(* Let $R$ be a finitely generated standard algebra. Assume that for every sufficiently large integer $d$, the set of all finitely generated homogeneous right ideals $I$ of $R$ with $m(I)\le d$ forms a rate filtration. Then $R$ is projective (right) coherent.
   Context: $R$ standard: graded, $R_0=k$, generated by $R_1$, $R_+=\bigoplus_{i>0}R_i$. $R$ is projective coherent if the kernel of every homogeneous homomorphism between finitely generated graded free right $R$-modules is finitely generated. For a homogeneous right ideal $J$, $m(J)$ is the maximal degree of a minimal homogeneous generator. A rate filtration is a set $\mathbf F$ of finitely generated homogeneous right ideals with $0,R_+\in\mathbf F$ such that for every $0\ne I\in\mathbf F$ there exist $J\in\mathbf F$, $J\ne I$, and a homogeneous $x\in I$ with $I=J+xR$, $m(J)\le m(I)$, and $\{a\in R: xa\in J\}\in\mathbf F$. *)

theory Defs
  imports Main
begin

text \<open>A graded ring is a type 'r :: ring_1 together with a family G :: nat => 'r set
of homogeneous components G i = R_i.\<close>

definition add_closure :: "'r::ring_1 set \<Rightarrow> 'r set" where
  "add_closure S = {sum_list xs | xs. set xs \<subseteq> S}"

definition is_grading :: "(nat \<Rightarrow> 'r::ring_1 set) \<Rightarrow> bool" where
  "is_grading G \<longleftrightarrow>
     (\<forall>i. 0 \<in> G i \<and> (\<forall>x\<in>G i. \<forall>y\<in>G i. x + y \<in> G i) \<and> (\<forall>x\<in>G i. - x \<in> G i)) \<and>
     (\<forall>i j. \<forall>x\<in>G i. \<forall>y\<in>G j. x * y \<in> G (i + j)) \<and>
     1 \<in> G 0 \<and>
     (\<forall>x. \<exists>!c. (\<forall>i. c i \<in> G i) \<and> finite {i. c i \<noteq> 0} \<and> x = (\<Sum>i\<in>{i. c i \<noteq> 0}. c i))"

definition comp :: "(nat \<Rightarrow> 'r::ring_1 set) \<Rightarrow> nat \<Rightarrow> 'r \<Rightarrow> 'r" where
  "comp G d x = (THE c. (\<forall>i. c i \<in> G i) \<and> finite {i. c i \<noteq> 0} \<and> x = (\<Sum>i\<in>{i. c i \<noteq> 0}. c i)) d"

text \<open>Standard algebra: graded, R_0 = k a field (central, so R is a k-algebra),
generated by R_1.  Finitely generated: R_1 is finite dimensional over R_0.\<close>
definition standard_algebra :: "(nat \<Rightarrow> 'r::ring_1 set) \<Rightarrow> bool" where
  "standard_algebra G \<longleftrightarrow> is_grading G \<and>
     (\<forall>a\<in>G 0. \<forall>x. a * x = x * a) \<and>
     (\<forall>a\<in>G 0. a \<noteq> 0 \<longrightarrow> (\<exists>b\<in>G 0. a * b = 1)) \<and>
     (\<forall>n. G (Suc n) = add_closure {a * b | a b. a \<in> G n \<and> b \<in> G 1})"

definition fg_standard_algebra :: "(nat \<Rightarrow> 'r::ring_1 set) \<Rightarrow> bool" where
  "fg_standard_algebra G \<longleftrightarrow> standard_algebra G \<and>
     (\<exists>S. finite S \<and> S \<subseteq> G 1 \<and>
        G 1 = {sum_list (map (\<lambda>(c, s). c * s) ps) | ps. set ps \<subseteq> G 0 \<times> S})"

*WORK TO BE COMPLETED:*
Show all lines from the records above where the word "bool" occurs.

*ANSWER FOR THIS EXERCISE:*
definition is_grading :: "(nat \<Rightarrow> 'r::ring_1 set) \<Rightarrow> bool" where
definition standard_algebra :: "(nat \<Rightarrow> 'r::ring_1 set) \<Rightarrow> bool" where
definition fg_standard_algebra :: "(nat \<Rightarrow> 'r::ring_1 set) \<Rightarrow> bool" where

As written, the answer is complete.